I announced spincloud’s launch on my personal blog then Keir from googlemapsmania broke the news to the community. And so the first spike of traffic was logged on Jan 2nd.
Then followed a month of relative silence during which I took a much needed break from the project. I couldn’t help but refactoring and cleaning-up the code a bit. I had two minor releases deployed in prod in the mean time and everything went smooth.
I had a new feature I wanted to have online before the initial release, the meteoalarm mashup that displays weather warnings across Europe but chose not to delay it (a Good Decision in hindsight) . I started working on it by mid January , did a lot of digging for administrative borders data then getting the meteoalarm warning data right (those guys don’t have any integration point). I was done two weeks later.

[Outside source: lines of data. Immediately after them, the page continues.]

fun sat :: "'v digraph \<Rightarrow> (var \<Rightarrow> 'v) \<Rightarrow> fo \<Rightarrow> bool" where
  "sat G a (Pred i z) = (i < length (lab G (a z)) \<and> lab G (a z) ! i)"
| "sat G a (Edge z z') = ((a z, a z') \<in> edges G)"
| "sat G a (Eq z z') = (a z = a z')"
| "sat G a (Neg \<phi>) = (\<not> sat G a \<phi>)"
| "sat G a (Conj \<phi> \<psi>) = (sat G a \<phi> \<and> sat G a \<psi>)"
| "sat G a (ExC k z \<phi>) = (k \<le> card {w \<in> nodes G. sat G (a(z := w)) \<phi>})"

definition C2_equiv :: "nat \<Rightarrow> nat \<Rightarrow> nat \<Rightarrow> 'a digraph \<Rightarrow> 'a \<Rightarrow> 'b digraph \<Rightarrow> 'b \<Rightarrow> bool" where
  "C2_equiv d l c G u H v \<longleftrightarrow>
     (\<forall>\<phi> \<in> C2 d l c. free \<phi> \<subseteq> {X} \<longrightarrow> (sat G (\<lambda>_. u) \<phi> \<longleftrightarrow> sat H (\<lambda>_. v) \<phi>))"

definition bound_mset :: "nat \<Rightarrow> 'a multiset \<Rightarrow> 'a multiset" where
  "bound_mset c M = (\<Sum>x\<in>set_mset M. replicate_mset (min c (count M x)) x)"

datatype color = Init "bool list" | Refine color "color multiset" "color multiset" "color multiset" "color multiset"

fun wl :: "nat \<Rightarrow> 'v digraph \<Rightarrow> nat \<Rightarrow> 'v \<Rightarrow> color" where
  "wl c G 0 v = Init (lab G v)"
| "wl c G (Suc l) v = Refine (wl c G l v)
     (bound_mset c (image_mset (wl c G l) (mset_set (in_nbhd G v \<inter> out_nbhd G v))))
     (bound_mset c (image_mset (wl c G l) (mset_set (in_nbhd G v - out_nbhd G v))))
     (bound_mset c (image_mset (wl c G l) (mset_set (out_nbhd G v - in_nbhd G v))))
     (bound_mset c (image_mset (wl c G l) (mset_set (nodes G - (nbhd G v \<union> {v})))))"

In the mean time I was trying to raise the awareness about spincloud. I submitted the site so some mapping/mashup themed websites, improved the indexing (still working on it). Then Wednesday last week the European bloggers finally found it. UK’s Mapperz ran a nice little story that seems to have set the things in motion. A number of other bloggers picked-up the story and a surprisingly good feedback came from Italy: Matteo and italiasw.com did a great job while gisdk.blogspot.com of Denmark noticed the RSS facilities. Then the referral machine kicked in, killerstartups.com, programmableweb.com amongst the sites linking. And thus the second spike registered on the traffic meter:
This one was three times bigger than the first spike and it was yet again all thanks to the blogger community that saw something useful in spincloud.
Things are looking up. There are a few sites in Asia following spincloud: drchoi.or.kr and wangtam.com and I see that 16 people linked to spincloud on delicious. Yey!
The traffic tripled on an average from last month and I’m delighted. The server hums happily for now and I have all reasons to keep it that way.
Huzzah!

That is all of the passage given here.